#### [About this task]
In the material below, how many lines contain the word "infinity"? The reply must be that number alone.
++++ Given entries
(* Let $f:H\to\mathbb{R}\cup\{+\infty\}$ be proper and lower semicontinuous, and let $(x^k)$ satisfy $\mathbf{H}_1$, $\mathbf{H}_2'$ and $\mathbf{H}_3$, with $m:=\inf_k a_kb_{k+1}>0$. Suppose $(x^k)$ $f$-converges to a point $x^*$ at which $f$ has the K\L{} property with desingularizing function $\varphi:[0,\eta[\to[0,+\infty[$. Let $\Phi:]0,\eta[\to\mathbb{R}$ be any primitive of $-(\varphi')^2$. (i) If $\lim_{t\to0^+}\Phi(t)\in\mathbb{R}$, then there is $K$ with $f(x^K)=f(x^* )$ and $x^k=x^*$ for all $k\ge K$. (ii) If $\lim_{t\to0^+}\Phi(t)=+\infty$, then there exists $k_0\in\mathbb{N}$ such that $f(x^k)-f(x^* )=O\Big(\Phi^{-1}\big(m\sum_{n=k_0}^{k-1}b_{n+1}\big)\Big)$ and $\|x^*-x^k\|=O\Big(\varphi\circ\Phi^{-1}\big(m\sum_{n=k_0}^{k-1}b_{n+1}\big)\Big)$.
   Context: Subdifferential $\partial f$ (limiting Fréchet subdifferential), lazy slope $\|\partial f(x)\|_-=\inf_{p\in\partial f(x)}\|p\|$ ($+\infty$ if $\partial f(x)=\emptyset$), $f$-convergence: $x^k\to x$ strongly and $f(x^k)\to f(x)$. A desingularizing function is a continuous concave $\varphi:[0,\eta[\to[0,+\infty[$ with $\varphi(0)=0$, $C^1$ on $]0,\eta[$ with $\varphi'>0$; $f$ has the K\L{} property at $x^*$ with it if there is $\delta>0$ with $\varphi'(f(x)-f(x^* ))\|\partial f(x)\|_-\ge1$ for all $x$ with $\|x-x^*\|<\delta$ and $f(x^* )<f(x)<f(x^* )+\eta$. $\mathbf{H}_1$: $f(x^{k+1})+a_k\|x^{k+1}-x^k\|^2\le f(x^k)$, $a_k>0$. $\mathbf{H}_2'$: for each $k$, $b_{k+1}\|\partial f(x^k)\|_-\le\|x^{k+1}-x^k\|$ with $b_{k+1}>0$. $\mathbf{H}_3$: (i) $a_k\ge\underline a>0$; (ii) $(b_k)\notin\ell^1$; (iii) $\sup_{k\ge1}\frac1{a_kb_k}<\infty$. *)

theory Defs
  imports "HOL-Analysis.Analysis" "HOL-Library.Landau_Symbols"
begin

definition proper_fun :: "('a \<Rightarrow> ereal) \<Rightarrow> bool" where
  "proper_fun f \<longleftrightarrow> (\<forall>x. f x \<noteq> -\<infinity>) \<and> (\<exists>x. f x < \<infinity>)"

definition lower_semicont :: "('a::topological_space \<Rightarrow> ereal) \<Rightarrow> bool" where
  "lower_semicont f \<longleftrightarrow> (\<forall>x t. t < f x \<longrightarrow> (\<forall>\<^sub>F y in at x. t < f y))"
++++++++
++++ Given entries
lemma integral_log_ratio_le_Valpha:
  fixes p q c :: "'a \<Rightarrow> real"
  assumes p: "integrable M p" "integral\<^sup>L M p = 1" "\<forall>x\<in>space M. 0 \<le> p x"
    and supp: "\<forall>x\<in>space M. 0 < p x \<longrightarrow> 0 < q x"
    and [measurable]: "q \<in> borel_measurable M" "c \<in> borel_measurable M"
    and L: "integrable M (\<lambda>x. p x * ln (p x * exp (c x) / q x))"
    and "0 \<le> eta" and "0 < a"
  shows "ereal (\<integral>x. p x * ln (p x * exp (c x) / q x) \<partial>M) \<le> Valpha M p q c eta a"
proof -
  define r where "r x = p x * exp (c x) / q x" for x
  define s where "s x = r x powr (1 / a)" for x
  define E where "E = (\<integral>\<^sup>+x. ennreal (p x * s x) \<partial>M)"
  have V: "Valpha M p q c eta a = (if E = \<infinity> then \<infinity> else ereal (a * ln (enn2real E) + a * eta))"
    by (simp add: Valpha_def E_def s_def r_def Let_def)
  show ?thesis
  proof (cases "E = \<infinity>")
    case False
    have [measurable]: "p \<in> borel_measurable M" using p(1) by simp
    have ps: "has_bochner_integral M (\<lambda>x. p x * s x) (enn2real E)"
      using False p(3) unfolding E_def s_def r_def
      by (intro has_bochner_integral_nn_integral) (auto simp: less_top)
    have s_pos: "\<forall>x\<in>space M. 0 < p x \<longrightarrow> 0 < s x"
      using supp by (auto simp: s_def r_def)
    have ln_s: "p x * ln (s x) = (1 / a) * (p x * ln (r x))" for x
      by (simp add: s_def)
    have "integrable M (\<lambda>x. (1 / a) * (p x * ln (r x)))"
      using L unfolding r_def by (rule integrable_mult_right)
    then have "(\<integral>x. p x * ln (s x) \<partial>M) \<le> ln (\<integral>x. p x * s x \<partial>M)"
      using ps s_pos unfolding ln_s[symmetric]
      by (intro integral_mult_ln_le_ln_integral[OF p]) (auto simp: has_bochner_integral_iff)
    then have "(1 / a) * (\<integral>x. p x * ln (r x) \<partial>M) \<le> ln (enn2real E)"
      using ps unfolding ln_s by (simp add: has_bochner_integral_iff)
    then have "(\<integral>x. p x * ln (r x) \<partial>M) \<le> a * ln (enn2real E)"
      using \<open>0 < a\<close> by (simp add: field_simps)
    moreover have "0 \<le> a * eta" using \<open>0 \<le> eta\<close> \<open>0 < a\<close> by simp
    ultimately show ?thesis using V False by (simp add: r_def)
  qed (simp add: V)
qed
++++++++
#### [Result of this exercise]
3